I've come a long way in accepting and loving my body before I got pregnant. As a young married woman in my 20s, through the help of my partner, I let go of wanting my teen body back. I realized I was a woman now with a woman's curvier body, no longer a girl. I developed a positive body image by believing in my own self-worth, having talks with my other girl friends, talks with my husband, and even watching the way celebs like Tyra Banks and Kelly Clarkson love themselves for who they are, and I decided that fretting over the way my body would change in years to come was not something I wanted to waste my time on. But so far in my life, there's been nothing like having a baby to make me reassess the way I view and speak about not only my postpartum body but also my postpartum breasts. And I've been surprised by how much breastfeeding has taught me about my body.
Growing up, I struggled with my breast size. Even as a 130-pound teenager, they were larger than most of my friend's boobs. I'd figured out even back then that my nipples were also larger than what was perceived by media to be attractive and sexy. My mom always encouraged me in this particular struggle since she knew full well what I was going through because she also had bigger breasts. She taught me how to dress to neither accentuate them nor hide them. She taught me how to come to terms with them, for the most part, and I appreciated that. One day in college, after talking about our boobs with my suite-mates, I had an epiphany: My kind of boobs were actually pretty awesome for sex, and they were likely to be ideal for breastfeeding one day. I was so floored because these were two things I knew I wanted to do in life, so this realization definitely helped me in my journey to breast acceptance.
But I also realized that I wanted to love them for myself because they were mine, not solely because they were great for other people, even if those people were my partner and future kids.
Breastfeeding isn't the only reason why I love my breasts.
Before I had my baby, I could look in the mirror, grab more than my handful of my boobs, and appreciate them for being a part of me. During pregnancy, I fell in love even more with my body. Something about the divine life-making process just made me feel strong, powerful, and incredibly gorgeous. After I had my baby, though, the combination of hormones, lack of sleep, occasional painful latches of my baby to my breasts, zero sex drive, and no time for myself, made me doubt my acceptance of my breasts all over again. I felt like an insecure teenager in many ways during that immediate postpartum time.
As the months went on and I continued breastfeeding, I noticed the distinct change in shape of my breasts. They were obviously saggier and more limp despite being full of milk. I was confused, because I'd always gotten the idea from movies and TV that my boobs would be plumper in this time period of life. But this was not true for me at all. Plus, the shape of my nipples changed, too, because they were suddenly being used multiple times a day to nourish my child.
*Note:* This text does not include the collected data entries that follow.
(* For every integer $k \geq 2$, the Nyldon factorization of the Fibonacci word $F_k$ is the two-term sequence $a,\ F_k[2..f_k]$. That is, $F_k = a\cdot F_k[2..f_k]$, both $a$ and $F_k[2..f_k]$ are Nyldon words, and $a \preceq F_k[2..f_k]$.
   Context: Strings are over the binary alphabet $\{a,b\}$ ordered by $a \prec b$, and $\prec$ also denotes the induced lexicographic order on strings: $x \prec y$ iff $x$ is a proper prefix of $y$, or there is $i$ with $x[1..i-1]=y[1..i-1]$ and $x[i]\prec y[i]$; $x\preceq y$ means $x\prec y$ or $x=y$. For a string $w$, $w[i..j]$ denotes the substring from position $i$ to position $j$ (1-indexed). Nyldon words are defined recursively: every string of length $1$ is a Nyldon word; a string $w$ with $|w|\ge 2$ is a Nyldon word iff there is no factorization $w=\gamma_1\cdots\gamma_m$ with $m\ge 2$, each $\gamma_i$ a nonempty Nyldon word, and $\gamma_1\preceq\gamma_2\preceq\cdots\preceq\gamma_m$. Every nonempty string $w$ has a unique factorization $w=\gamma_1\cdots\gamma_m$ into Nyldon words with $\gamma_i\preceq\gamma_{i+1}$ for all $i$; it is called the Nyldon factorization of $w$. Fibonacci words: $F_0=b$, $F_1=a$, $F_k=F_{k-1}F_{k-2}$ for $k\ge 2$; $f_k=|F_k|$. *)

theory Defs
  imports Main
begin

datatype letter = A | B

definition letter_less :: "letter \<Rightarrow> letter \<Rightarrow> bool" where
  "letter_less x y \<longleftrightarrow> x = A \<and> y = B"

fun lex_less :: "letter list \<Rightarrow> letter list \<Rightarrow> bool" where
  "lex_less [] [] = False"
| "lex_less [] (y # ys) = True"
| "lex_less (x # xs) [] = False"
| "lex_less (x # xs) (y # ys) = (letter_less x y \<or> (x = y \<and> lex_less xs ys))"

definition lex_le :: "letter list \<Rightarrow> letter list \<Rightarrow> bool" where
  "lex_le x y \<longleftrightarrow> lex_less x y \<or> x = y"

text \<open>nyl n w: w is a Nyldon word of length at most n (recursion on the length bound).\<close>
fun nyl :: "nat \<Rightarrow> letter list \<Rightarrow> bool" where
  "nyl 0 w = False"
| "nyl (Suc n) w =
     (w \<noteq> [] \<and> length w \<le> Suc n \<and>
      (length w = 1 \<or>
       \<not> (\<exists>gs. length gs \<ge> 2 \<and> concat gs = w \<and>
              (\<forall>g\<in>set gs. g \<noteq> [] \<and> nyl n g) \<and> successively lex_le gs)))"

definition nyldon :: "letter list \<Rightarrow> bool" where
  "nyldon w \<longleftrightarrow> nyl (length w) w"

fun fib_word :: "nat \<Rightarrow> letter list" where
  "fib_word 0 = [B]"
| "fib_word (Suc 0) = [A]"
| "fib_word (Suc (Suc k)) = fib_word (Suc k) @ fib_word k"

end

theory Submission
  imports Defs
begin

(* Write u = F_k[2..f_k]; since F_k begins with a and [a] is the least nonempty word, everything
   reduces to u being a Nyldon word. The engine is a gluing criterion: if p and v are Nyldon words,
   v < p, and every proper Nyldon suffix of p is at most v, then pv is Nyldon, and again every
   proper Nyldon suffix of pv is at most v. It rests on two facts about Nyldon words, proved by a
   joint induction on the length: a proper Nyldon suffix of a Nyldon word is smaller than the word,
   and the last factor of a Nyldon factorization is its longest Nyldon suffix.
   The rotations x_n of F_(n+1) that move the leading a to the end satisfy x_(n+2) = x_(n+1) x_n
   with x_0 = a < x_1 = ba, so gluing shows that every x_n is Nyldon. Finally
   F_(k+4)[2..] = x_(k+2) F_(k+2)[2..], and gluing applies once more. *)

lemma lex_less_irrefl [simp]: "\<not> lex_less x x"
  by (induction x) (auto simp: letter_less_def)

lemma lex_less_trans: "lex_less x y \<Longrightarrow> lex_less y z \<Longrightarrow> lex_less x z"
proof (induction x arbitrary: y z)
  case Nil
  then show ?case by (cases y; cases z) auto
next
  case (Cons a x)
  then show ?case by (cases y; cases z) (auto simp: letter_less_def)
qed

lemma lex_less_linear: "x \<noteq> y \<Longrightarrow> lex_less x y \<or> lex_less y x"
proof (induction x arbitrary: y)
  case Nil
  then show ?case by (cases y) auto
next
  case (Cons a x)
  show ?case
  proof (cases y)
    case (Cons b ys)
    then show ?thesis
      using Cons.IH[of ys] Cons.prems by (cases a; cases b) (auto simp: letter_less_def)
  qed simp
qed

lemma lex_less_append: "y \<noteq> [] \<Longrightarrow> lex_less x (x @ y)"
  by (induction x) (cases y, auto)+

lemma lex_le_append: "lex_le x (x @ y)"
  using lex_less_append unfolding lex_le_def by (cases "y = []") auto

lemma lex_le_trans: "lex_le x y \<Longrightarrow> lex_le y z \<Longrightarrow> lex_le x z"
  unfolding lex_le_def using lex_less_trans by blast

lemma not_lex_le: "\<not> lex_le x y \<longleftrightarrow> lex_less y x"
  unfolding lex_le_def using lex_less_linear lex_less_trans lex_less_irrefl by blast

lemma length_less_length_concat:
  assumes "2 \<le> length gs" "\<forall>h\<in>set gs. h \<noteq> []" "g \<in> set gs"
  shows "length g < length (concat gs)"
proof -
  obtain xs ys where gs: "gs = xs @ g # ys"
    using \<open>g \<in> set gs\<close> by (meson split_list)
  with \<open>2 \<le> length gs\<close> have "xs @ ys \<noteq> []"
    by auto
  then obtain h where h: "h \<in> set (xs @ ys)"
    by (meson ex_in_conv set_empty)
  then have "0 < length h"
    using assms(2) gs by auto
  moreover have "length h \<le> sum_list (map length (xs @ ys))"
    using h by (intro member_le_sum_list) auto
  ultimately show ?thesis
    using gs by (simp add: length_concat del: length_greater_0_conv add_gr_0)
qed

lemma nyl_bound_cong: "length w \<le> m \<Longrightarrow> length w \<le> n \<Longrightarrow> nyl m w = nyl n w"
proof (induction m arbitrary: w n)
  case 0
  then show ?case by (cases n) auto
next
  case (Suc m)
  show ?case
  proof (cases n)
    case (Suc n')
    have "(\<forall>g\<in>set gs. g \<noteq> [] \<and> nyl m g) \<longleftrightarrow> (\<forall>g\<in>set gs. g \<noteq> [] \<and> nyl n' g)"
      if "2 \<le> length gs" "concat gs = w" for gs
    proof -
      have "nyl m g = nyl n' g" if "g \<in> set gs" "\<forall>h\<in>set gs. h \<noteq> []" for g
      proof -
        have "length g < length w"
          using length_less_length_concat \<open>2 \<le> length gs\<close> \<open>concat gs = w\<close> that by blast
        then show ?thesis
          using Suc.IH Suc.prems \<open>n = Suc n'\<close> by simp
      qed
      then show ?thesis by blast
    qed
    then show ?thesis
      using Suc.prems \<open>n = Suc n'\<close> by (simp only: nyl.simps) (metis (no_types, lifting))
  qed (use Suc.prems in auto)
qed

definition nyldon_factorization :: "letter list list \<Rightarrow> bool" where
  "nyldon_factorization gs \<longleftrightarrow> (\<forall>g\<in>set gs. nyldon g) \<and> successively lex_le gs"

lemma nyldon_factorization_append_iff:
  "nyldon_factorization (xs @ ys) \<longleftrightarrow> nyldon_factorization xs \<and> nyldon_factorization ys \<and>
     (xs = [] \<or> ys = [] \<or> lex_le (last xs) (hd ys))"
  unfolding nyldon_factorization_def by (auto simp: successively_append_iff)

lemma nyldon_factorization_butlast:
  assumes "nyldon_factorization gs" "gs \<noteq> []"
  shows "nyldon_factorization (butlast gs)" "nyldon (last gs)"
    and "butlast gs \<noteq> [] \<Longrightarrow> lex_le (last (butlast gs)) (last gs)"
  using nyldon_factorization_append_iff[of "butlast gs" "[last gs]"] assms
  by (auto simp: nyldon_factorization_def)

lemma nyldon_not_Nil: "nyldon w \<Longrightarrow> w \<noteq> []"
  unfolding nyldon_def by (cases w) auto

lemma nyldon_factorization_concat_not_Nil:
  "nyldon_factorization gs \<Longrightarrow> gs \<noteq> [] \<Longrightarrow> concat gs \<noteq> []"
  using nyldon_not_Nil by (cases gs) (auto simp: nyldon_factorization_def)

lemma nyldon_iff:
  "nyldon w \<longleftrightarrow> w \<noteq> [] \<and>
     (length w = 1 \<or> \<not> (\<exists>gs. 2 \<le> length gs \<and> concat gs = w \<and> nyldon_factorization gs))"
proof (cases w)
  case (Cons x xs)
  have factors_iff: "(\<forall>g\<in>set gs. g \<noteq> [] \<and> nyl (length xs) g) \<longleftrightarrow> (\<forall>g\<in>set gs. nyldon g)"
    if "2 \<le> length gs" "concat gs = w" for gs
  proof -
    have "nyl (length xs) g = nyldon g" if "g \<in> set gs" "\<forall>h\<in>set gs. h \<noteq> []" for g
    proof -
      have "length g \<le> length xs"
        using length_less_length_concat[OF \<open>2 \<le> length gs\<close> that(2,1)] \<open>concat gs = w\<close> Cons
        by simp
      then show ?thesis
        unfolding nyldon_def using nyl_bound_cong[of g "length xs" "length g"] by simp
    qed
    then show ?thesis
      using nyldon_not_Nil by blast
  qed
  have "nyldon w = nyl (Suc (length xs)) w"
    using Cons by (simp add: nyldon_def)
  then show ?thesis
    using factors_iff Cons unfolding nyldon_factorization_def
    by (simp only: nyl.simps) (metis (no_types, lifting) le_refl length_Cons)
qed (simp add: nyldon_def)

lemma nyldon_singleton: "nyldon [x]"
  by (simp add: nyldon_iff)

lemma nyldon_factorization_of_nyldon:
  assumes "nyldon w" "concat gs = w" "nyldon_factorization gs" "gs \<noteq> []"
  shows "gs = [w]"
proof (rule ccontr)
  assume "gs \<noteq> [w]"
  with assms(2,4) have "2 \<le> length gs"
    by (cases gs; cases "tl gs") auto
  moreover have "length w \<noteq> 1"
  proof -
    obtain g where "g \<in> set gs"
      using assms(4) by fastforce
    then have "0 < length g" "length g < length w"
      using length_less_length_concat[OF \<open>2 \<le> length gs\<close>] assms nyldon_not_Nil
      unfolding nyldon_factorization_def by auto
    then show ?thesis
      by linarith
  qed
  ultimately show False
    using assms nyldon_iff by blast
qed

lemma nyldon_factorization_exists:
  assumes "w \<noteq> []"
  shows "\<exists>gs. gs \<noteq> [] \<and> concat gs = w \<and> nyldon_factorization gs"
proof (cases "nyldon w")
  case True
  then show ?thesis
    by (intro exI[of _ "[w]"]) (simp add: nyldon_factorization_def)
next
  case False
  then show ?thesis
    using assms nyldon_iff by fastforce
qed

lemma append_eq_append_suffixE:
  assumes "p @ s = q @ t" "length s \<le> length t"
  obtains r where "t = r @ s" "p = q @ r"
  using assms by (auto simp: append_eq_append_conv2)

lemma concat_butlast_last: "gs \<noteq> [] \<Longrightarrow> concat gs = concat (butlast gs) @ last gs"
  by (metis append_butlast_last_id concat_append concat.simps append_Nil2)

lemma nyldon_split_less:
  assumes "nyldon w" "w = concat xs @ concat ys"
    and "nyldon_factorization xs" "nyldon_factorization ys" "xs \<noteq> []" "ys \<noteq> []"
  shows "lex_less (hd ys) (last xs)"
proof (rule ccontr)
  assume "\<not> lex_less (hd ys) (last xs)"
  then have "nyldon_factorization (xs @ ys)"
    using assms(3-6) not_lex_le nyldon_factorization_append_iff by blast
  then have "xs @ ys = [w]"
    using nyldon_factorization_of_nyldon assms(1,2,5) by simp
  then show False
    using assms(5,6) by (cases xs) auto
qed

corollary nyldon_suffix_less_last_factor:
  assumes "nyldon w" "w = concat xs @ s" "nyldon_factorization xs" "xs \<noteq> []" "nyldon s"
  shows "lex_less s (last xs)"
  using nyldon_split_less[of w xs "[s]"] assms by (simp add: nyldon_factorization_def)

definition proper_nyldon_suffixes_less :: "letter list \<Rightarrow> bool" where
  "proper_nyldon_suffixes_less g \<longleftrightarrow> (\<forall>p s. g = p @ s \<longrightarrow> p \<noteq> [] \<longrightarrow> nyldon s \<longrightarrow> lex_less s g)"

lemma nyldon_factorization_suffix_last_le:
  assumes "proper_nyldon_suffixes_less g" "nyldon g" "g = p @ s" "s \<noteq> []"
  obtains ds where "ds \<noteq> []" "concat ds = s" "nyldon_factorization ds" "lex_le (last ds) g"
proof (cases "p = []")
  case True
  then show ?thesis
    using that[of "[g]"] assms(2,3) by (simp add: nyldon_factorization_def lex_le_def)
next
  case False
  obtain ds where ds: "ds \<noteq> []" "concat ds = s" "nyldon_factorization ds"
    using nyldon_factorization_exists assms(4) by blast
  then have "g = (p @ concat (butlast ds)) @ last ds" "nyldon (last ds)"
    using assms(3) concat_butlast_last[of ds] nyldon_factorization_butlast(2) by simp_all
  then have "lex_less (last ds) g"
    using assms(1) False unfolding proper_nyldon_suffixes_less_def by blast
  then show ?thesis
    using that ds lex_le_def by blast
qed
I was sadly becoming dissatisfied with my breasts, even though they were fulfilling their main purpose, and wasn't that one of the things that helped me come to terms with them and their potential earlier in life?
I've literally sustained my daughter with my breasts, and the intimacy that's taken place while breastfeeding has bonded us in a way that has improved both of our lives.
Again, I had to decide if I accepted my body — most notably my breasts — because of what they could do for other people or simply because of what they did for me. Letting my body's functions be a part of why I love my body so much has helped me to see the good that comes from my amazing human makeup and form. I mean, I've literally sustained my daughter with my breasts, and the intimacy that's taken place while breastfeeding has bonded us in a way that has improved both of our lives. So I'm not ashamed of how my breasts look postpartum, but breastfeeding isn't the only reason why I love my breasts. I love them because they display an aspect of femininity, they set me apart, and ever since I hit puberty, they've made me who I am to a fairly large (literally!) extent.
Breastfeeding simply reminded me, thankfully, of how awesome my body is and how amazing my breasts truly are.
My body, my breasts — all of me is to be valued — and if I want anyone else to do that, I have to do that first.
Being a traditionally feminine woman, my femininity is predominately shown in the way I look, the way I move, and the vibe I give off in my personality. Loving my breasts has helped me to not shame myself for who I am: the voluptuous and often bigger woman in the room. But it's not just owning a certain sex appeal that I'm talking about. It's cherishing and acknowledging my own uniqueness, my own value and worth for how I was formed, this body I was given. Sure, I could manipulate my shape through a variety of ways — and my breast shape has obviously changed recently — but the shape and curve that's there naturally through life (and through having and nursing a baby) is, what I've come to realize, a gift. My body, my breasts — all of me is to be valued — and if I want anyone else to do that, I have to do that first. Most importantly, if I want my daughter to be able to accept, love, and value her body as she grows up, she needs to see it coming from me firsthand.
I hope to breastfeed more babies as my family grows. I have no idea how more pregnancies and nursing babies will change my body yet again, but having done it once now, I trust that I can take my experience of accepting my postpartum body into the next experiences and ultimately in my daughter's life as well.